_SUPPLIED MATERIAL_:
○ ○ ○ ○ ○ ○ ○

lemma gr_one_diff_inverting_commute:
  assumes fin: "finite (carrier G)" and tau: "\<tau> \<in> carrier G" and u: "u \<in> carrier G"
    and inverts: "u \<otimes> \<tau> = inv \<tau> \<otimes> u" and tau_order: "\<tau> [^] Suc (2 * c) = \<one>"
  shows "gr_mult G (gr_mult G (gr_elem G \<one> - gr_elem G \<tau>) (gr_elem G \<one> - gr_elem G u))
           (gr_elem G (\<tau> [^] Suc c))
       = gr_mult G (gr_mult G (gr_elem G (\<tau> [^] Suc c)) (gr_elem G \<one> + gr_elem G u))
           (gr_elem G \<one> - gr_elem G \<tau>)"
proof -
  \<comment> \<open>Naming \<open>Suc c\<close> keeps simp from rewriting \<open>\<tau> [^] m\<close> to \<open>\<tau> [^] c \<otimes> \<tau>\<close>.\<close>
  define m where "m = Suc c"
  have inverted: "u \<otimes> \<tau> [^] a = \<tau> [^] b \<otimes> u" if "a + b = m + c" for a b :: nat
  proof -
    have "a + b = Suc (2 * c)"
      using that by (simp add: m_def)
    then have "\<tau> [^] b \<otimes> \<tau> [^] a = \<one>"
      using tau tau_order by (simp add: nat_pow_mult add.commute)
    then have "inv (\<tau> [^] a) = \<tau> [^] b"
      using tau by (simp add: inv_equality)
    then show ?thesis
      using tau u inverts intertwine_nat_pow[of u \<tau> "inv \<tau>" a] by (simp add: nat_pow_inv)
  qed
  have tau_tau_c: "\<tau> \<otimes> \<tau> [^] c = \<tau> [^] m" "\<tau> [^] c \<otimes> \<tau> = \<tau> [^] m"
    using tau nat_pow_Suc2[of \<tau> c] by (simp_all add: m_def)
  have u_tau_m: "u \<otimes> \<tau> [^] m = \<tau> [^] c \<otimes> u"
    using inverted by simp
  have u_tau_c: "u \<otimes> \<tau> [^] c = \<tau> [^] m \<otimes> u"
    using inverted by simp
  have "\<tau> \<otimes> u \<otimes> \<tau> [^] m = \<tau> \<otimes> (\<tau> [^] c \<otimes> u)"
    using tau u by (simp add: m_assoc u_tau_m)
  also have "\<dots> = \<tau> [^] m \<otimes> u"
    using tau u by (simp add: tau_tau_c flip: m_assoc)
  finally have tau_u_tau_m: "\<tau> \<otimes> u \<otimes> \<tau> [^] m = \<tau> [^] m \<otimes> u" .
  have "\<tau> [^] m \<otimes> u \<otimes> \<tau> = u \<otimes> \<tau> [^] c \<otimes> \<tau>"
    by (simp only: u_tau_c)
  also have "\<dots> = u \<otimes> \<tau> [^] m"
    using tau u by (simp add: m_assoc tau_tau_c)
  finally have tau_m_u_tau: "\<tau> [^] m \<otimes> u \<otimes> \<tau> = \<tau> [^] c \<otimes> u"
    by (simp only: u_tau_m)
  have tau_tau_m: "\<tau> \<otimes> \<tau> [^] m = \<tau> [^] m \<otimes> \<tau>"
    using tau nat_pow_Suc2[of \<tau> m] by simp
  show ?thesis
    unfolding m_def[symmetric] using fin tau u u_tau_m tau_u_tau_m tau_m_u_tau tau_tau_m
    by (simp add: gr_mult_diff_left gr_mult_diff_right gr_mult_add_left gr_mult_add_right
        gr_elem_mult algebra_simps)
qed
lemma complementary_slackness:
  fixes \<eta> h :: "real^'i"
  assumes \<eta>_nonneg: "\<forall>i. 0 \<le> \<eta>$i"
    and max: "\<And>\<eta>'. \<forall>i. 0 \<le> \<eta>'$i \<Longrightarrow> \<eta>' \<bullet> h \<le> \<eta> \<bullet> h"
  shows "\<forall>i. h$i \<le> 0" and "\<eta> \<bullet> h = 0"
proof -
  show h_nonpos: "\<forall>i. h$i \<le> 0"
  proof
    fix i
    have "(\<eta> + axis i 1) \<bullet> h \<le> \<eta> \<bullet> h"
      by (rule max) (use \<eta>_nonneg in \<open>simp add: axis_def\<close>)
    then show "h$i \<le> 0" by (simp add: inner_add_left inner_axis')
  qed
  have "0 \<le> \<eta> \<bullet> h" using max[of 0] by simp
  with inner_nonneg_nonpos[OF \<eta>_nonneg h_nonpos] show "\<eta> \<bullet> h = 0" by simp
qed

lemma pos_diag_transpose: "pos_diag D \<Longrightarrow> transpose D = D"
  by (simp add: pos_diag_def transpose_def vec_eq_iff) metis

lemma pos_diag_mult_vec_nth:
  assumes "pos_diag D"
  shows "(D *v x) $ i = D$i$i * x$i"
proof -
  have "(D *v x) $ i = (\<Sum>j\<in>UNIV. D$i$j * x$j)"
    by (simp add: matrix_vector_mult_def)
  also have "\<dots> = (\<Sum>j\<in>UNIV. if j = i then D$i$i * x$i else 0)"
    by (rule sum.cong) (use assms in \<open>auto simp: pos_diag_def\<close>)
  finally show ?thesis by simp
qed

lemma pos_diag_vector_mult_eq_0:
  assumes "pos_diag D" and "x v* D = 0"
  shows "x = 0"
proof -
  have "D$i$i * x$i = 0" for i
    using assms pos_diag_mult_vec_nth[OF assms(1)]
    by (metis transpose_matrix_vector pos_diag_transpose zero_index)
  moreover have "D$i$i > 0" for i using assms(1) by (simp add: pos_diag_def)
  ultimately have "x$i = 0" for i by (metis less_irrefl mult_eq_0_iff)
  then show ?thesis by (simp add: vec_eq_iff)
qed

lemma pos_diag_inner_commute:
  assumes "pos_diag D"
  shows "y \<bullet> (D *v x) = x \<bullet> (D *v y)"
  by (metis assms dot_lmul_matrix inner_commute pos_diag_transpose transpose_matrix_vector)

lemma pos_diag_quadratic_pos:
  assumes "pos_diag D" and "x \<noteq> 0"
  shows "0 < x \<bullet> (D *v x)"
proof -
  obtain i where "x$i \<noteq> 0" using assms(2) by (auto simp: vec_eq_iff)
  moreover have "D$k$k > 0" for k using assms(1) by (simp add: pos_diag_def)
  ultimately have "0 < (\<Sum>k\<in>UNIV. D$k$k * (x$k)\<^sup>2)"
    by (intro sum_pos2[where i=i]) (auto simp: less_imp_le)
  then show ?thesis
    by (simp add: inner_vec_def pos_diag_mult_vec_nth[OF assms(1)] power2_eq_square mult.left_commute)
qed
(* Let $\lambda_1,\lambda_2\in\mathbb{C}$ and let $\alpha,\beta\in\mathbb{C}$ with $\alpha+\beta\notin\mathbb{Z}$ and $\alpha\notin\{-1,-2,-3,\dots\}$. On $W=V_{\lambda_1}\otimes V_{\lambda_2}$ (with basis $e_n\otimes f_m$, $n,m\ge 0$, where $\{e_n\}$ is the standard basis of $V_{\lambda_1}$ and $\{f_m\}$ that of $V_{\lambda_2}$) put $H^{(1)}=H\otimes\mathbb{I}$, $H^{(2)}=\mathbb{I}\otimes H$, and let $D=H^{(1)}-H^{(2)}-\lambda_1+\lambda_2+2\alpha+2\beta+2$, a diagonal operator which is invertible. Define operators on $W$ by $$\Delta(H)=H^{(1)}+H^{(2)},$$ $$\Delta(E)=D^{-1}\Big((H^{(1)}-\lambda_1+2\alpha+2\beta+2)(E\otimes\mathbb{I})+(\lambda_2-H^{(2)}+2\alpha+2\beta+2)(\mathbb{I}\otimes E)\Big),$$ $$\Delta(F)=D^{-1}\Big((H^{(1)}-\lambda_1+2\alpha+2)(F\otimes\mathbb{I})+(\lambda_2-H^{(2)}+2\beta)(\mathbb{I}\otimes F)\Big).$$ Then (a) $\Delta(H),\Delta(E),\Delta(F)$ satisfy $[\Delta(H),\Delta(E)]=2\Delta(E)$, $[\Delta(H),\Delta(F)]=-2\Delta(F)$, $[\Delta(E),\Delta(F)]=1$, i.e. they define a representation of the oscillator algebra on $W$; and (b) for all integers $0\le k\le N$, the vectors $w_{k,N}=\sum_{n=0}^N Q_n(k,N)\,e_n\otimes f_{N-n}$ satisfy $\Delta(H)w_{k,N}=(\lambda_1+\lambda_2+2N)w_{k,N}$, $\Delta(E)w_{k,N}=w_{k,N+1}$, and $\Delta(F)w_{k,N}=-(N-k)\,w_{k,N-1}$ (with the convention $w_{k,k-1}=0$). In other words, the $Q_n(k,N)$ are the Clebsch–Gordan coefficients realizing, with respect to this tensor product action, vectors of the oscillator-algebra module $V_{\lambda_1+\lambda_2+2k}$ inside $V_{\lambda_1}\otimes V_{\lambda_2}$.
   Context: The oscillator algebra is generated by $H,E,F$ with relations $[H,E]=2E$, $[H,F]=-2F$, $[E,F]=1$. For $\lambda\in\mathbb{C}$, $V_\lambda$ is the module with basis $\{|\lambda,n\rangle: n=0,1,2,\dots\}$ and action $H|\lambda,n\rangle=(\lambda+2n)|\lambda,n\rangle$, $E|\lambda,n\rangle=|\lambda,n+1\rangle$, $F|\lambda,n\rangle=-n|\lambda,n-1\rangle$. Products of operators such as $D^{-1}(\cdots)(E\otimes\mathbb{I})$ mean composition (first apply $E\otimes\mathbb{I}$, then the diagonal operators). The functions $Q_n(k,N)$ (proportional to Hahn polynomials) are $$Q_n(k,N)=\binom{N}{n}\,{}_3F_2\!\left(\begin{matrix}-n,\ n+\alpha+\beta-N+1,\ -k\\ \alpha+1,\ -N\end{matrix}\;\Big|\;1\right),$$ where ${}_3F_2$ is the terminating hypergeometric series $\sum_{j\ge0}\frac{(a_1)_j(a_2)_j(a_3)_j}{j!(b_1)_j(b_2)_j}z^j$ with Pochhammer symbols $(a)_j=a(a+1)\cdots(a+j-1)$ (the sum terminates at $j=\min(n,k)\le N$). *)

theory Defs
  imports Complex_Main
begin
(* Let $r_1, r_2 \geq 2$ be integers. Suppose that for each $i\in\{1,2\}$ the inequality $$\chi\big(KG^{r_i}(n,k,s)\big) \geq \left\lceil \frac{n - r_i(k-s-1)}{r_i-1} \right\rceil$$ holds for all non-negative integers $n,k,s$ satisfying $n \geq r_i(k-1)+1$ and $k > s \geq 0$. Then $$\chi\big(KG^{r_1 r_2}(n,k,s)\big) \geq \left\lceil \frac{n - r_1 r_2(k-s-1)}{r_1 r_2-1} \right\rceil$$ holds for all non-negative integers $n,k,s$ satisfying $n \geq r_1 r_2(k-1)+1$ and $k > s \geq 0$.
   Context: For a positive integer $n$, $[n]=\{1,\ldots,n\}$. A hypergraph $\mathcal{H}=(V,E)$ consists of a finite vertex set $V$ and a set $E$ of non-empty subsets of $V$ (edges). A proper $m$-coloring of $\mathcal{H}$ is a map $c:V\to\{1,\ldots,m\}$ such that no edge is monochromatic, i.e. $|c(e)|\geq 2$ for every edge $e$. The chromatic number $\chi(\mathcal{H})$ is the least $m$ for which a proper $m$-coloring exists. The generalized Kneser hypergraph $KG^{r}(n,k,s)$ has as vertices all $k$-element subsets of $[n]$, and its edges are the sets $\{X_1,\ldots,X_r\}$ of $r$ distinct vertices such that $|X_i\cap X_j|\leq s$ for all $i\neq j$. *)

theory Defs
  imports Complex_Main
begin

definition proper_coloring :: "'a set \<Rightarrow> 'a set set \<Rightarrow> nat \<Rightarrow> ('a \<Rightarrow> nat) \<Rightarrow> bool" where
  "proper_coloring V E m c \<longleftrightarrow> (\<forall>v\<in>V. c v \<in> {1..m}) \<and> (\<forall>e\<in>E. card (c ` e) \<ge> 2)"

definition chromatic_number :: "'a set \<Rightarrow> 'a set set \<Rightarrow> nat" where
  "chromatic_number V E = (LEAST m. \<exists>c. proper_coloring V E m c)"

definition kneser_vertices :: "nat \<Rightarrow> nat \<Rightarrow> nat set set" where
  "kneser_vertices n k = {X. X \<subseteq> {1..n} \<and> card X = k}"

definition kneser_edges :: "nat \<Rightarrow> nat \<Rightarrow> nat \<Rightarrow> nat \<Rightarrow> nat set set set" where
  "kneser_edges r n k s = {E. E \<subseteq> kneser_vertices n k \<and> card E = r \<and>
      (\<forall>X\<in>E. \<forall>Y\<in>E. X \<noteq> Y \<longrightarrow> card (X \<inter> Y) \<le> s)}"

definition chi_KG :: "nat \<Rightarrow> nat \<Rightarrow> nat \<Rightarrow> nat \<Rightarrow> nat" where
  "chi_KG r n k s = chromatic_number (kneser_vertices n k) (kneser_edges r n k s)"

end

theory Submission
  imports Defs
begin

text \<open>Let m be the chromatic number of KG^(r1 r2)(n, k, s), fix a proper m-colouring c, and suppose n is
  larger than the claimed bound allows. Inside a K-subset Y of [n], the k-sets through a fixed t-subset
  of Y form a copy of KG^r2(K - t, k - t, s - t); for suitable K and t the bound for r2 makes its
  chromatic number exceed m, so Y contains r2 k-sets of one colour pairwise meeting in at most s points.
  Colouring Y by that colour is a proper m-colouring of KG^r1(n, K, s): r1 K-sets pairwise meeting in at
  most s < k points carry disjoint such families, whose union would be a monochromatic edge of
  KG^(r1 r2)(n, k, s). This contradicts the bound for r1.\<close>

lemma two_le_card_image_iff:
  assumes "finite e" "e \<noteq> {}"
  shows "2 \<le> card (c ` e) \<longleftrightarrow> (\<nexists>i. c ` e = {i})"
proof -
  have "card (c ` e) \<noteq> 0" using assms by simp
  then have "2 \<le> card (c ` e) \<longleftrightarrow> card (c ` e) \<noteq> 1" by linarith
  then show ?thesis by (simp add: card_1_singleton_iff)
qed

lemma chromatic_number_le: "proper_coloring V E m c \<Longrightarrow> chromatic_number V E \<le> m"
  unfolding chromatic_number_def by (rule Least_le) blast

○ ○ ○ ○ ○ ○ ○

_PROBLEM REQUIREMENTS_: Only lines containing the word "thesis" should appear in the answer, and every such line from the records above must be there.

_RESPONSE BOX_:
    then show ?thesis
  show ?thesis
  finally show ?thesis by simp
  then show ?thesis by (simp add: vec_eq_iff)
  then show ?thesis
  then show ?thesis by (simp add: card_1_singleton_iff)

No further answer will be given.